Activity => Gather the lines below that include the string "obtains", copying each in full.

○ ○ ○

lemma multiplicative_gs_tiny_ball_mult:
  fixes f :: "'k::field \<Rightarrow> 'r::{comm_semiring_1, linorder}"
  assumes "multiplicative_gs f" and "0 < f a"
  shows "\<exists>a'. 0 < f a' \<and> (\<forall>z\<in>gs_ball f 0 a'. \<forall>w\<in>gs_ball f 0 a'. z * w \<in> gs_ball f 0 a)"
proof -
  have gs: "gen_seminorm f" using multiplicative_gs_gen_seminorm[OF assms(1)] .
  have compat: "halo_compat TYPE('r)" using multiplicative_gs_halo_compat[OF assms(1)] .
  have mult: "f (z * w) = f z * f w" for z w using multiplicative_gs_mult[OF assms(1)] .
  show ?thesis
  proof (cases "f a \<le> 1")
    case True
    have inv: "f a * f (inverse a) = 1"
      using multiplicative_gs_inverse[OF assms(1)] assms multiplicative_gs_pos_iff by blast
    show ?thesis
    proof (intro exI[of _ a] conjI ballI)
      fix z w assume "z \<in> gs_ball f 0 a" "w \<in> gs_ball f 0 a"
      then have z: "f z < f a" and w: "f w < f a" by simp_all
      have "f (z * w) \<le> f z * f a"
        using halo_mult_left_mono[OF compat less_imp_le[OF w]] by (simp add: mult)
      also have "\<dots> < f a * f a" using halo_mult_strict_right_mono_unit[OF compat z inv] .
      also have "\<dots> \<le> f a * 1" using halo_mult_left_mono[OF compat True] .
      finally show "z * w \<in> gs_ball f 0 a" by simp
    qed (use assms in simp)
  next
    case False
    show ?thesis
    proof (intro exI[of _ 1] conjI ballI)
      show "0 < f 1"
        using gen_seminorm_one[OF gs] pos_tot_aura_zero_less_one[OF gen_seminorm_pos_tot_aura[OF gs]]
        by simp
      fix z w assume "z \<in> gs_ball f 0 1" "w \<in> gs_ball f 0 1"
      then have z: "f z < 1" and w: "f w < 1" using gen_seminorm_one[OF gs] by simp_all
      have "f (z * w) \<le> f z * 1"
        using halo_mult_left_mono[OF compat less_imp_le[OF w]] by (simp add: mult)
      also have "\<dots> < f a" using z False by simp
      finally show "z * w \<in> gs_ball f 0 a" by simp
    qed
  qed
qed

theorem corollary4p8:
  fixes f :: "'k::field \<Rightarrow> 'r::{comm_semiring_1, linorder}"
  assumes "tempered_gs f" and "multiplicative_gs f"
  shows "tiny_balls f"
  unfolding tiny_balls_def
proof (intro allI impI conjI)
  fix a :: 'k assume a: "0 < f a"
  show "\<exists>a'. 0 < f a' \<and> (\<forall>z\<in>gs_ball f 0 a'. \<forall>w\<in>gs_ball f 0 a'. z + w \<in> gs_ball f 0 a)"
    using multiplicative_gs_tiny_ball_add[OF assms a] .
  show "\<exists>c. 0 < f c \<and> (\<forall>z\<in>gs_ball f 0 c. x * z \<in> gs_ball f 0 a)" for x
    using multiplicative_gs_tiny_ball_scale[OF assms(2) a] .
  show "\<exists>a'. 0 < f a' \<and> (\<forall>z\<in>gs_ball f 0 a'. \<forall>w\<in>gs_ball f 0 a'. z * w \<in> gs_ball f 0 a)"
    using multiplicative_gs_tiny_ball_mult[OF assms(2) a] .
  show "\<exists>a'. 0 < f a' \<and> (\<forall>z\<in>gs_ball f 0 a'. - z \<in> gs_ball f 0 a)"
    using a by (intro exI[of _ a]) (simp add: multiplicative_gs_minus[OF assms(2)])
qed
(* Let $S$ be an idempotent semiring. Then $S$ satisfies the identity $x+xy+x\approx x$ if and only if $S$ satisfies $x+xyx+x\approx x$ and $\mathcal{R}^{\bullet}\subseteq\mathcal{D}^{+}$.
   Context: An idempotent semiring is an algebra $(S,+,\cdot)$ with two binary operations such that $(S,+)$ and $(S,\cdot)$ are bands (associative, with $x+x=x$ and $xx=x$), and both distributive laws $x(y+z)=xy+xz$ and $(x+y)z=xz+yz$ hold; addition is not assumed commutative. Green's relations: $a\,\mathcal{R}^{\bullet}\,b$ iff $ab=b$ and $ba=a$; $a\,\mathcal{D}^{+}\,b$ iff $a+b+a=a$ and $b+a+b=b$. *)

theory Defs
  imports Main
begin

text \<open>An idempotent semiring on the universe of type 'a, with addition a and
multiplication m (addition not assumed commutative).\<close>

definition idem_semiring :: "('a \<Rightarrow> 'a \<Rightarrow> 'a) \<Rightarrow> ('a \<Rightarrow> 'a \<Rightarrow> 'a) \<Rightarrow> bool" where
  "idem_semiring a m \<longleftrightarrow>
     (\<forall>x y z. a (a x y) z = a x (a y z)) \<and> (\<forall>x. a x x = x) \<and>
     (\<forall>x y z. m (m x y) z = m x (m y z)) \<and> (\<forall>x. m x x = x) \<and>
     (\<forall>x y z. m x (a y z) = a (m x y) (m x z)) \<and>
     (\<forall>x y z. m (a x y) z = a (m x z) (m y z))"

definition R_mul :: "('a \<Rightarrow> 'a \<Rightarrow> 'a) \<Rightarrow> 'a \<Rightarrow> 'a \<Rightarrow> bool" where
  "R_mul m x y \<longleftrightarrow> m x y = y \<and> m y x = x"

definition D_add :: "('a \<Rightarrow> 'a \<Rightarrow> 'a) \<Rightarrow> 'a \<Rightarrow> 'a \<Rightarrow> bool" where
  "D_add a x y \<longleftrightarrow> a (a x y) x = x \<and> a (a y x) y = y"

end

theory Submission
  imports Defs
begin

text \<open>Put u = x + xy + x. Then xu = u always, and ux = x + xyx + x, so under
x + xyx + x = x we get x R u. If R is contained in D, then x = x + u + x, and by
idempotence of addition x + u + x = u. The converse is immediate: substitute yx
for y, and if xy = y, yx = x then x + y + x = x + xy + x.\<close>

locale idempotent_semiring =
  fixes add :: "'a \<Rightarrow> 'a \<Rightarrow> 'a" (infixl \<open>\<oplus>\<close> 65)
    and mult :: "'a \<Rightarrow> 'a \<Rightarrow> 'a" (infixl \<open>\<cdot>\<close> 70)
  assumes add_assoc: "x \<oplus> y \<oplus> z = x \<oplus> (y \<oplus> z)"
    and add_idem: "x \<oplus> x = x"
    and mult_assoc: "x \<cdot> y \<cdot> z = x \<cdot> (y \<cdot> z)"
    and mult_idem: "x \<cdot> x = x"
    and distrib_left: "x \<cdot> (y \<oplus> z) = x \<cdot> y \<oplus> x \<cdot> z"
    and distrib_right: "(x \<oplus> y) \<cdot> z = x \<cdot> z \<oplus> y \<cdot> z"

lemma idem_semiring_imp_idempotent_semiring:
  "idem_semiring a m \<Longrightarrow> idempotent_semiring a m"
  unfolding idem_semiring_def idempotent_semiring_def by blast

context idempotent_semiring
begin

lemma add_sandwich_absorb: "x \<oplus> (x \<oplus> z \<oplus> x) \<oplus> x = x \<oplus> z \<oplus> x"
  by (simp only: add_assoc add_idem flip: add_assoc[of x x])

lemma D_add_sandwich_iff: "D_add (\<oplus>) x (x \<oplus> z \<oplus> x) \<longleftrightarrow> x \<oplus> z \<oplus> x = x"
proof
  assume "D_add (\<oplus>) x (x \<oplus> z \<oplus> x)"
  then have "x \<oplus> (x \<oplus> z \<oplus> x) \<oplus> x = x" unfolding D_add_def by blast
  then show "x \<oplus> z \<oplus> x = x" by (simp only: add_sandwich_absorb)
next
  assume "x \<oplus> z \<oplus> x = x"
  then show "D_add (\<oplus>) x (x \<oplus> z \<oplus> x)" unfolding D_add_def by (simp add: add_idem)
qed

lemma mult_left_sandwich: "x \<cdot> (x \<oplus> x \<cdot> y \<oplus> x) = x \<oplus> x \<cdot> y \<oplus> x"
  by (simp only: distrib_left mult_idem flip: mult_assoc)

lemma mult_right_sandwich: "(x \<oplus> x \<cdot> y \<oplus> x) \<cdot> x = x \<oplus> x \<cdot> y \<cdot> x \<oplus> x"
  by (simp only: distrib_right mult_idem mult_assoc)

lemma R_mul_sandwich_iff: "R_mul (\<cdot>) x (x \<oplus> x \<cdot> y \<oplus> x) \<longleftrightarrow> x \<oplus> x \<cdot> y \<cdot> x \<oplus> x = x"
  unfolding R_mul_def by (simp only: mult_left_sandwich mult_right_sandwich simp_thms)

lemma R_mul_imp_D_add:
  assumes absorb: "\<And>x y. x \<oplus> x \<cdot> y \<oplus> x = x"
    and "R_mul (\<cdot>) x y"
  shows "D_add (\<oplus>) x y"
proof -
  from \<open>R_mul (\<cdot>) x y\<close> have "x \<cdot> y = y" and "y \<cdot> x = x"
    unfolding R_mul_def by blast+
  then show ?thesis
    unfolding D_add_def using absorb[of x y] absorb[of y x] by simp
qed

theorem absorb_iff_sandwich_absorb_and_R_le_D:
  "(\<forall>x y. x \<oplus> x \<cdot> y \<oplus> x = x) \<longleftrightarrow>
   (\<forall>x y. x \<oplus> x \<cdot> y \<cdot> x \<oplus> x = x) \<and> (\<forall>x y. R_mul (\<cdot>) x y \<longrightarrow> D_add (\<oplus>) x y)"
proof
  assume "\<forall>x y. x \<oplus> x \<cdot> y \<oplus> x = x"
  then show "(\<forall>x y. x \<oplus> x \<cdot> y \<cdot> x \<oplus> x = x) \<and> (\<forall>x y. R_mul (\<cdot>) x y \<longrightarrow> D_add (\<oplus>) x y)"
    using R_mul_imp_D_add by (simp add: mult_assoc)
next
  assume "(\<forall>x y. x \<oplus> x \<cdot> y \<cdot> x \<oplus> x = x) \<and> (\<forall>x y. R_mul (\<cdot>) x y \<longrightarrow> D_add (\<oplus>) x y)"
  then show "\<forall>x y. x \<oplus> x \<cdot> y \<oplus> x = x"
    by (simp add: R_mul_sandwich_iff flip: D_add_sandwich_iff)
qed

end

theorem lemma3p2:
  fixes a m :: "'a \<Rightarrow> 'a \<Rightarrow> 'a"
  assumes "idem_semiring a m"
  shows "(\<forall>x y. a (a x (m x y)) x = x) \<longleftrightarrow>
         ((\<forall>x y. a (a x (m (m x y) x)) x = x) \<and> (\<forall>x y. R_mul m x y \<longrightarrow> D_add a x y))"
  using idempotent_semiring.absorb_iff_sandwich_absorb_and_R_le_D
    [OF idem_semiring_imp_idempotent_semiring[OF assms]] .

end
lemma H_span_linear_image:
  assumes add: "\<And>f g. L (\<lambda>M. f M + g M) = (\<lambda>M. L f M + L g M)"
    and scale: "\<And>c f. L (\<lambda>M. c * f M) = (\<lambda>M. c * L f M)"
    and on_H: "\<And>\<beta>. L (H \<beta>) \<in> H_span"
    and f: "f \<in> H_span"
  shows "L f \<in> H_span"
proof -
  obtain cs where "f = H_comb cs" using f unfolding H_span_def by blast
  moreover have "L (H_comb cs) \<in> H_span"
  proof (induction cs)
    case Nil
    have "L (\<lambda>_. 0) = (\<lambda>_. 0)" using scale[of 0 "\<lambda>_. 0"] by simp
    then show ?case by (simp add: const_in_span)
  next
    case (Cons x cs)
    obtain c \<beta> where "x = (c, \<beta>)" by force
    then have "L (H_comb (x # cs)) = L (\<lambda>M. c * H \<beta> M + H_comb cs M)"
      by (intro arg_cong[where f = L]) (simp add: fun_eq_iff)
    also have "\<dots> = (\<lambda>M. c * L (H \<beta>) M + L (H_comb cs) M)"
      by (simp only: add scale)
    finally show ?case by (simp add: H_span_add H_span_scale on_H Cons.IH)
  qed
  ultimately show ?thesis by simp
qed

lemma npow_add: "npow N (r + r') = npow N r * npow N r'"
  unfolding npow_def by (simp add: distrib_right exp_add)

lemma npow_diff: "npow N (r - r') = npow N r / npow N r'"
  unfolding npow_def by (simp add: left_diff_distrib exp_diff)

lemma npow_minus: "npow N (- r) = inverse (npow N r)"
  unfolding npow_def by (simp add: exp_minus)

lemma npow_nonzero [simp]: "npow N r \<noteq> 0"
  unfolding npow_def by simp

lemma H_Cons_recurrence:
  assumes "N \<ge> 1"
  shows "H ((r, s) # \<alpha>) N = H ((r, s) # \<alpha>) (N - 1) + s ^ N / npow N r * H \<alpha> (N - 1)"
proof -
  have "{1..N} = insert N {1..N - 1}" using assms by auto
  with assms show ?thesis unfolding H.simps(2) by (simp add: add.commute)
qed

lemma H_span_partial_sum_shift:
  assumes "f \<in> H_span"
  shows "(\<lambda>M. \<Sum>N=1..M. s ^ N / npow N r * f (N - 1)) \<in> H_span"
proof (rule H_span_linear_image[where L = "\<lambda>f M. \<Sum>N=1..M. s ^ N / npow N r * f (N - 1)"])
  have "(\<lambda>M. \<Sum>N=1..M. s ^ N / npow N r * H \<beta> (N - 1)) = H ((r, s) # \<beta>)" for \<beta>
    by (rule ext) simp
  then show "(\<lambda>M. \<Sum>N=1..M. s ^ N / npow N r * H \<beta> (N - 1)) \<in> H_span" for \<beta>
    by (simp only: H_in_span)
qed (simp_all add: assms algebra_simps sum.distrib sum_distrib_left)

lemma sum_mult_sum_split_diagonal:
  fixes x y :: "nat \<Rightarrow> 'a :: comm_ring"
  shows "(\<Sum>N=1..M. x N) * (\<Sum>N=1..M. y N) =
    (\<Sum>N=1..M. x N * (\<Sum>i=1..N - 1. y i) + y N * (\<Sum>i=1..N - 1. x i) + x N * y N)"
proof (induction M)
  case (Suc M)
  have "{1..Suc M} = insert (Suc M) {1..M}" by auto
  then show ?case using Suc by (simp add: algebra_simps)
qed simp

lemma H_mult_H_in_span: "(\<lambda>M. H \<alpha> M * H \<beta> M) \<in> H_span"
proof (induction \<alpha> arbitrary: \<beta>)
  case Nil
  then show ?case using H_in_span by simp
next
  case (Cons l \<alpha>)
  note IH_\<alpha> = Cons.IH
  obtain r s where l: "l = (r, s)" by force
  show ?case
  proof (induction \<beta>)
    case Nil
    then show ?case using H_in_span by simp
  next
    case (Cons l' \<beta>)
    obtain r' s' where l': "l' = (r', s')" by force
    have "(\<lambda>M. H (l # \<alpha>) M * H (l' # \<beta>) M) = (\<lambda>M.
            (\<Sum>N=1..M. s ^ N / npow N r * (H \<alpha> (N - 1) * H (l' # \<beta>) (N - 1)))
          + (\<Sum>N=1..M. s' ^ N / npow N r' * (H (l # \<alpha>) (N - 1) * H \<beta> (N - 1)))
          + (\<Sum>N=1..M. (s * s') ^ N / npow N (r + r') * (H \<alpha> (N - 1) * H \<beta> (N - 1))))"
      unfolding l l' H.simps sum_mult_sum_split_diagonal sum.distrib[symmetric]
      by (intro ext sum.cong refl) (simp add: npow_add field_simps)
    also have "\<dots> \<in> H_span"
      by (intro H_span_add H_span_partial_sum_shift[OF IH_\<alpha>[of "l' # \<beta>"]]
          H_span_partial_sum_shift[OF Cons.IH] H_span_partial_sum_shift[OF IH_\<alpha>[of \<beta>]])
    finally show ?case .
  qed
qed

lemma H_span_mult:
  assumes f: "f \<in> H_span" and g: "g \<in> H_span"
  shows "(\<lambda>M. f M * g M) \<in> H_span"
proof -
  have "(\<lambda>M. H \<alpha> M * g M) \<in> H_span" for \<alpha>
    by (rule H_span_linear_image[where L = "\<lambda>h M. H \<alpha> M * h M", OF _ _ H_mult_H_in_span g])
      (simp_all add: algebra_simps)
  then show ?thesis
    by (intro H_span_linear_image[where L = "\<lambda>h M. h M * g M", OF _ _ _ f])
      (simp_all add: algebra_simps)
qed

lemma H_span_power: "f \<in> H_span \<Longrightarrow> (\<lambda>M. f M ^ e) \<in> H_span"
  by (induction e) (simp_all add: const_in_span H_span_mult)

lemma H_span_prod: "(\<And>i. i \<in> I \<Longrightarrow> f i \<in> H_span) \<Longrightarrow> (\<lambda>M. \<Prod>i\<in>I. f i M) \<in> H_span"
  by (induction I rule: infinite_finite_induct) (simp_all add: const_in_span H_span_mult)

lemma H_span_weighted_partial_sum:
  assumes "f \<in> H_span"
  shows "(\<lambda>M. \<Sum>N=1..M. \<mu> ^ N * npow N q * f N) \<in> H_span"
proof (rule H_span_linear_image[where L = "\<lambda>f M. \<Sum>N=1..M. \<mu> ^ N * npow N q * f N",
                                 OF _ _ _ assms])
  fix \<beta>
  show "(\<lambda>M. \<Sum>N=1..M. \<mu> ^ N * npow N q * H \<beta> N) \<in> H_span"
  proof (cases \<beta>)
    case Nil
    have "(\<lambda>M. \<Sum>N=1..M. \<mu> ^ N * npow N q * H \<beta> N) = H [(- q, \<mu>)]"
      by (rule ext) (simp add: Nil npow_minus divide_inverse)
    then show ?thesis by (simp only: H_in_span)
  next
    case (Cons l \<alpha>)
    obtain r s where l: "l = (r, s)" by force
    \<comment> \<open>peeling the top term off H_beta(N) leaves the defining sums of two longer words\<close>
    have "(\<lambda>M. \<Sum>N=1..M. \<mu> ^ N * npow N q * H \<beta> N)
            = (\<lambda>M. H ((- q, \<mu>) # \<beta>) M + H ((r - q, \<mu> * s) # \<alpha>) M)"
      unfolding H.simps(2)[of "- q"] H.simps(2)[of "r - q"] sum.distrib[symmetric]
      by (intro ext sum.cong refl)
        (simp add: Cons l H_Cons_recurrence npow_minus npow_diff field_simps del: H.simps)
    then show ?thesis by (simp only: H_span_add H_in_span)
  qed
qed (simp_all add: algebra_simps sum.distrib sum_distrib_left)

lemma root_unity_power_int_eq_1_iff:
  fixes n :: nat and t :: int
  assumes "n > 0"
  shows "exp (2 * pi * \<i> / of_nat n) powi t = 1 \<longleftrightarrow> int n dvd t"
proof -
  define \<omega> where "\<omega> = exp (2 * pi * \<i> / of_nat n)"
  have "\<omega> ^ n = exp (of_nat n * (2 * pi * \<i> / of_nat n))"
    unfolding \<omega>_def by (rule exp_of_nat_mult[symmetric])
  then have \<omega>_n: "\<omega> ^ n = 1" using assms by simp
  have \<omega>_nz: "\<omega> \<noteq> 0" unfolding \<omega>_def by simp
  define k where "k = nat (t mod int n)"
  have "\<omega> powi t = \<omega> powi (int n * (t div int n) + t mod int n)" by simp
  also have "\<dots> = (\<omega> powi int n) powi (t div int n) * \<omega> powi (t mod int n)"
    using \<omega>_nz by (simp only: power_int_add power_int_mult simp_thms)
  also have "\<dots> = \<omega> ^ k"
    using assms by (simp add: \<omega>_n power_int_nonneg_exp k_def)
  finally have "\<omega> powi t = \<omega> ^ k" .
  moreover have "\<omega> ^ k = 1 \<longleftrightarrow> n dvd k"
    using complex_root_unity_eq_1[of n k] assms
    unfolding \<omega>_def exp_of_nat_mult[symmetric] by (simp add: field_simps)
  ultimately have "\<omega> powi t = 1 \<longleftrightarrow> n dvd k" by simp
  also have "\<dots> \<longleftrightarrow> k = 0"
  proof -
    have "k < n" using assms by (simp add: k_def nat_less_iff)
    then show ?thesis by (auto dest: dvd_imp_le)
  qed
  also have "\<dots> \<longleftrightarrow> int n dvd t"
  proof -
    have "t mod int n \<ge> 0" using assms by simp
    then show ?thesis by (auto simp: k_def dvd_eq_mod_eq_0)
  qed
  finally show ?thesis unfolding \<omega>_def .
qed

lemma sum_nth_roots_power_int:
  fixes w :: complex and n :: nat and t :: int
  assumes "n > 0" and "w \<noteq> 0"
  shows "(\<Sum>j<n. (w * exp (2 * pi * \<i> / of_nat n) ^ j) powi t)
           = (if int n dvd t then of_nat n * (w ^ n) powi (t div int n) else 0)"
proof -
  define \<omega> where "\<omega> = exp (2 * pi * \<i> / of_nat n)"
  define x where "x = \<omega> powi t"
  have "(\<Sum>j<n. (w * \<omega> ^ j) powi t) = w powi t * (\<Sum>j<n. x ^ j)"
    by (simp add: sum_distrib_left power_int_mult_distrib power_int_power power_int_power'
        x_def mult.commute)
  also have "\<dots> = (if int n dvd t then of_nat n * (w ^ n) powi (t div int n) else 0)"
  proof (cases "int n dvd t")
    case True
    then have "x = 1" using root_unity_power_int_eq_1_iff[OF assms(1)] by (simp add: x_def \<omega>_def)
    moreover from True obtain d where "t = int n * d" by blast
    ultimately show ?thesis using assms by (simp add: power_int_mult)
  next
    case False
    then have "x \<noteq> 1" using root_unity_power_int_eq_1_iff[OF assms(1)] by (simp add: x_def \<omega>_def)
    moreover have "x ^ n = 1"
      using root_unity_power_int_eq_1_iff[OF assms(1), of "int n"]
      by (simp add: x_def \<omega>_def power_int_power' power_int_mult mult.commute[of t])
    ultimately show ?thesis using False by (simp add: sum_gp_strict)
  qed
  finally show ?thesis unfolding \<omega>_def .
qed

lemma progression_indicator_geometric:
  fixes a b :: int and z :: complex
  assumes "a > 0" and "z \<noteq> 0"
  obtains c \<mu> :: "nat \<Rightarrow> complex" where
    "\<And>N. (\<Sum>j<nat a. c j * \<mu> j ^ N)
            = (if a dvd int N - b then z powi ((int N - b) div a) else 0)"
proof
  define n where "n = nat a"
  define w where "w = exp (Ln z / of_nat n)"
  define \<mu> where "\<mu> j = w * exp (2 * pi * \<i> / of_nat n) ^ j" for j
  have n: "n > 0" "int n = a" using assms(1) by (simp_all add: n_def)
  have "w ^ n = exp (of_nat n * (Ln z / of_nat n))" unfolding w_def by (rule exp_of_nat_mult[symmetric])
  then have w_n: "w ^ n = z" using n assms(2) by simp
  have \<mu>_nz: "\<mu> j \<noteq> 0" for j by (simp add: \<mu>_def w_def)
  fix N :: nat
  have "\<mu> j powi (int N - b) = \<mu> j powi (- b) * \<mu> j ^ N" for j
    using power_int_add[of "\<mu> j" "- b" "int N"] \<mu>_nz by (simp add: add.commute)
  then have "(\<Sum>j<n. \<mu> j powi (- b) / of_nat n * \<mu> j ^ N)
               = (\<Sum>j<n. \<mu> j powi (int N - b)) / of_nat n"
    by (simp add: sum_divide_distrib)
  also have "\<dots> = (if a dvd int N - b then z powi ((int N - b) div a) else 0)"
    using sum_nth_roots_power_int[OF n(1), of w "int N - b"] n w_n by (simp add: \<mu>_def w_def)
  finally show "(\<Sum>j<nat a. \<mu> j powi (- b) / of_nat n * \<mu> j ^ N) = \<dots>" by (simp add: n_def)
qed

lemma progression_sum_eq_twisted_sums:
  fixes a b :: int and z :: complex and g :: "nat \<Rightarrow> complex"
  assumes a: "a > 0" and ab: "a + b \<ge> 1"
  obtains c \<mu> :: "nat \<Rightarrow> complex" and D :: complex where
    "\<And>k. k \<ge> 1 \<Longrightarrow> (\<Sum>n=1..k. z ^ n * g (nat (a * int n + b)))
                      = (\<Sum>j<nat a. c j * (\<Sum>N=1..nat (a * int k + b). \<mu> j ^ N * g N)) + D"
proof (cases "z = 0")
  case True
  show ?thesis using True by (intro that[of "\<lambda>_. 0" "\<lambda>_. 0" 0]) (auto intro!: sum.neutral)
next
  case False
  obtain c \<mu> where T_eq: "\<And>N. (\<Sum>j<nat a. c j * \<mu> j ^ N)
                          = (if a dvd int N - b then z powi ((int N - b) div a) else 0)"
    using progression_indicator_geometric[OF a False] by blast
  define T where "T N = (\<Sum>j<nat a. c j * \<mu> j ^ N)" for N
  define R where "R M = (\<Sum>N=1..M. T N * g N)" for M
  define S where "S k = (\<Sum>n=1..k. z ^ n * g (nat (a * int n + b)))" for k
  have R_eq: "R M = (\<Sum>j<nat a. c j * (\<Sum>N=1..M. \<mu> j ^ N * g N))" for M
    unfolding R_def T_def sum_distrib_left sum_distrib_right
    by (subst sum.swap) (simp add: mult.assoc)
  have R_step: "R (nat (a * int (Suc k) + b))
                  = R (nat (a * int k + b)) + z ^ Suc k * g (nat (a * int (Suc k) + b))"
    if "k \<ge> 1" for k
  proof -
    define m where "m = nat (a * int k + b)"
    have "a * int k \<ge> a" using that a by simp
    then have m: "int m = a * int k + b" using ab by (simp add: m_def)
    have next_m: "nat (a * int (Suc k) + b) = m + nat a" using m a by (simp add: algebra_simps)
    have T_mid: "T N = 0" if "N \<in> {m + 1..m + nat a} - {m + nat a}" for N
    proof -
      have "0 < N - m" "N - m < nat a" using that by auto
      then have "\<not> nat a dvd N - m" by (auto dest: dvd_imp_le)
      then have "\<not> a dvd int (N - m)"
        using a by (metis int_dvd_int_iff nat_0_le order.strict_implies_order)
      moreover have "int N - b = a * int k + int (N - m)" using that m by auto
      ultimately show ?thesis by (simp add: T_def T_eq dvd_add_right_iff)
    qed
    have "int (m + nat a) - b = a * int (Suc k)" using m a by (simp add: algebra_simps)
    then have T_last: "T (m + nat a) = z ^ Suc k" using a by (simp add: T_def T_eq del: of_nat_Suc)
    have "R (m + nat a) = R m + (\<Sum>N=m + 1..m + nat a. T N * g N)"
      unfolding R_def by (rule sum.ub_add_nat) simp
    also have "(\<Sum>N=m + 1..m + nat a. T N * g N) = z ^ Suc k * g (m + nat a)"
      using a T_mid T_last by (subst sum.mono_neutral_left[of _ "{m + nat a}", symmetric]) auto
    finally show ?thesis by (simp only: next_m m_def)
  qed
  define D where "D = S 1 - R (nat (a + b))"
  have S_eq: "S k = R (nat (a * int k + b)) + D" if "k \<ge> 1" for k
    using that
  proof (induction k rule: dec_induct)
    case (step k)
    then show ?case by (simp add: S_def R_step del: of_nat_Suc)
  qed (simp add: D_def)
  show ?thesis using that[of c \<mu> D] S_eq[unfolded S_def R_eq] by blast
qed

○ ○ ○

The answer =>
  obtains c \<mu> :: "nat \<Rightarrow> complex" where
  obtains c \<mu> :: "nat \<Rightarrow> complex" and D :: complex where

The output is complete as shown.